§ **INPUT RECORDS**
(* Let $s\ge2$. There exists a constant $c>0$ (depending on $s$) such that $\|r\|_{U^s[2^L]}=O(2^{-cL})$ as $L\to\infty$.
   Context: Let $r(n)=(-1)^{f_{11}(n)}$ be the Rudin-Shapiro sequence, $f_{11}(n)$ being the number of occurrences of the block $11$ in the binary expansion of $n$. Write $[M]=\{0,\dots,M-1\}$. For $f\colon[M]\to\mathbb{R}$, the Gowers norm is $\|f\|_{U^s[M]}^{2^s}=\mathbb{E}_{n,\mathbf h}\prod_{\omega\in\{0,1\}^s}f(n+\omega\cdot\mathbf h)$, with $\omega\cdot\mathbf h=\sum_{i=1}^s\omega_ih_i$ and the expectation over all $n\in\mathbb{Z}$, $\mathbf h\in\mathbb{Z}^s$ with $\{n+\omega\cdot\mathbf h:\omega\in\{0,1\}^s\}\subset[M]$. *)

theory Defs
  imports Complex_Main "HOL-Library.Landau_Symbols"
begin

definition f11 :: "nat \<Rightarrow> nat" where
  "f11 n = card {k. odd (n div 2 ^ k) \<and> odd (n div 2 ^ (Suc k))}"

text \<open>Rudin-Shapiro sequence (only evaluated at nonnegative integers).\<close>
definition rudin_shapiro :: "int \<Rightarrow> real" where
  "rudin_shapiro n = (-1) ^ f11 (nat n)"

text \<open>omega in {0,1}^s is encoded as a subset S of {..<s};
  omega . h = sum over i in S of h_i; h is a list of length s.\<close>
definition gowers_params :: "nat \<Rightarrow> nat \<Rightarrow> (int \<times> int list) set" where
  "gowers_params s M = {(n, h). length h = s \<and>
      (\<forall>S \<in> Pow {..<s}. n + (\<Sum>i\<in>S. h ! i) \<in> {0..<int M})}"

definition gowers_pow :: "(int \<Rightarrow> real) \<Rightarrow> nat \<Rightarrow> nat \<Rightarrow> real" where
  "gowers_pow f s M = (\<Sum>p\<in>gowers_params s M.
      \<Prod>S\<in>Pow {..<s}. f (fst p + (\<Sum>i\<in>S. snd p ! i))) / real (card (gowers_params s M))"

definition gowers_norm :: "(int \<Rightarrow> real) \<Rightarrow> nat \<Rightarrow> nat \<Rightarrow> real" where
  "gowers_norm f s M = root (2 ^ s) (gowers_pow f s M)"

end

theory Submission
  imports Defs
begin

text \<open>Split every coordinate of a Gowers cube at scale \<open>2^(L+J)\<close> into its \<open>J\<close> lowest binary
  digits and the rest. Since \<open>r(2^J m + u) = r(u) r(m)\<close>, up to a sign \<open>-1\<close> when the top bit
  of \<open>u\<close> and the lowest bit of \<open>m\<close> are both 1, the Gowers sum becomes a sum over the
  \<open>2^(J(s+1))\<close> boxes of low digits of signed Gowers sums at scale \<open>2^L\<close>, twisted by these
  parities and shifted by the carries out of the low digits. Carries stay in \<open>[0, s]\<close>, so the
  twisted sums obey the same trivial bound. For \<open>J = 2s\<^sup>2 + 3\<close> there are two boxes with equal
  carries and twists but opposite signs, so every block of \<open>J\<close> digits gains a factor
  \<open>1 - 2/2^(J(s+1))\<close> over the trivial bound. Iterating gives geometric decay of the
  \<open>2^s\<close>-th power of the norm.\<close>

section \<open>The Rudin-Shapiro sequence on concatenated binary blocks\<close>

lemma finite_f11_positions: "finite {k. odd ((n::nat) div 2 ^ k) \<and> odd (n div 2 ^ Suc k)}"
proof (rule finite_subset)
  show "{k. odd (n div 2 ^ k) \<and> odd (n div 2 ^ Suc k)} \<subseteq> {..<n}"
  proof
    fix k assume "k \<in> {k. odd (n div 2 ^ k) \<and> odd (n div 2 ^ Suc k)}"
    then have "n div 2 ^ k \<noteq> 0" by (metis even_zero mem_Collect_eq)
    then have "2 ^ k \<le> n" by (simp add: div_eq_0_iff not_less)
    then show "k \<in> {..<n}" using less_exp[of k] by (simp only: lessThan_iff)
  qed
qed simp

lemma Collect_nat_split_zero:
  "{k::nat. P k} = (if P 0 then {0} else {}) \<union> Suc ` {k. P (Suc k)}"
proof -
  have "x \<in> {k. P k} \<longleftrightarrow> x \<in> (if P 0 then {0} else {}) \<union> Suc ` {k. P (Suc k)}" for x
    by (cases x) auto
  then show ?thesis by blast
qed

lemma f11_double_add:
  assumes "d \<le> 1"
  shows "f11 (2 * m + d) = f11 m + (if d = 1 \<and> odd m then 1 else 0)"
proof -
  have shift: "(2 * m + d) div 2 ^ Suc k = m div 2 ^ k" for k
    using assms by (simp add: div_mult2_eq)
  have low: "odd (2 * m + d) \<and> odd ((2 * m + d) div 2 ^ Suc 0) \<longleftrightarrow> d = 1 \<and> odd m"
    using assms shift[of 0] by (cases d) auto
  have "{k. odd ((2 * m + d) div 2 ^ k) \<and> odd ((2 * m + d) div 2 ^ Suc k)}
      = (if d = 1 \<and> odd m then {0} else {}) \<union> Suc ` {k. odd (m div 2 ^ k) \<and> odd (m div 2 ^ Suc k)}"
    by (subst Collect_nat_split_zero) (use low shift in \<open>simp del: power_Suc\<close>)
  then show ?thesis
    unfolding f11_def using finite_f11_positions[of m]
    by (simp add: card_image del: power_Suc)
qed
theorem mainTheorem4:
  fixes E :: "'a set set" and L :: "'a set \<Rightarrow> 'c set"
  assumes "simple_edges E"
    and "infinite E"
    and "\<forall>e\<in>E. card (L e) = 2"
  shows "\<exists>c. majority_list_coloring E (line_adj E) L c"
proof -
  define Es where "Es = {e \<in> E. \<forall>x\<in>e. finite (incident_edges E x)}"
  obtain col where col: "\<forall>x. infinite (incident_edges E x) \<longrightarrow>
      (\<forall>e\<in>incident_edges E x. col e \<in> L e) \<and>
      (\<forall>c. incident_edges E x \<lesssim> {f \<in> incident_edges E x. col f \<noteq> c})"
    using incident_edges_list_coloring[OF assms(1,3)] by blast
  obtain g where g: "g \<in> Pi\<^sub>E Es L"
    and g_majority: "\<forall>e\<in>Es. majority_at E (line_adj E) (override_on col g Es) e"
    using finite_incident_edges_majority_list_coloring[OF assms(1,3) Es_def] by blast
  define c where "c = override_on col g Es"
  have "c f = col f" if "f \<in> incident_edges E y" "infinite (incident_edges E y)" for f y
    using that unfolding c_def Es_def incident_edges_def by (auto simp: override_on_def)
  then have c_big: "(\<forall>e\<in>incident_edges E y. c e \<in> L e) \<and>
      (\<forall>a. incident_edges E y \<lesssim> {f \<in> incident_edges E y. c f \<noteq> a})"
    if "infinite (incident_edges E y)" for y
    using col that by (simp cong: Collect_cong conj_cong)
  have "c e \<in> L e \<and> majority_at E (line_adj E) c e" if "e \<in> E" for e
  proof (cases "e \<in> Es")
    case True
    then show ?thesis
      using g g_majority unfolding c_def by auto
  next
    case False
    then obtain x where "x \<in> e" "infinite (incident_edges E x)"
      using \<open>e \<in> E\<close> unfolding Es_def by blast
    then show ?thesis
      using majority_at_line_adj_if_infinite_incident[OF \<open>e \<in> E\<close>] c_big \<open>e \<in> E\<close> assms(1)
      unfolding simple_edges_def incident_edges_def by blast
  qed
  then show ?thesis
    unfolding majority_list_coloring_iff by blast
qed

§ **EXERCISE AIM**
Count the lines above in which the word "cases" appears, then state only that count.

§ **RESULT FOR THIS TASK**
3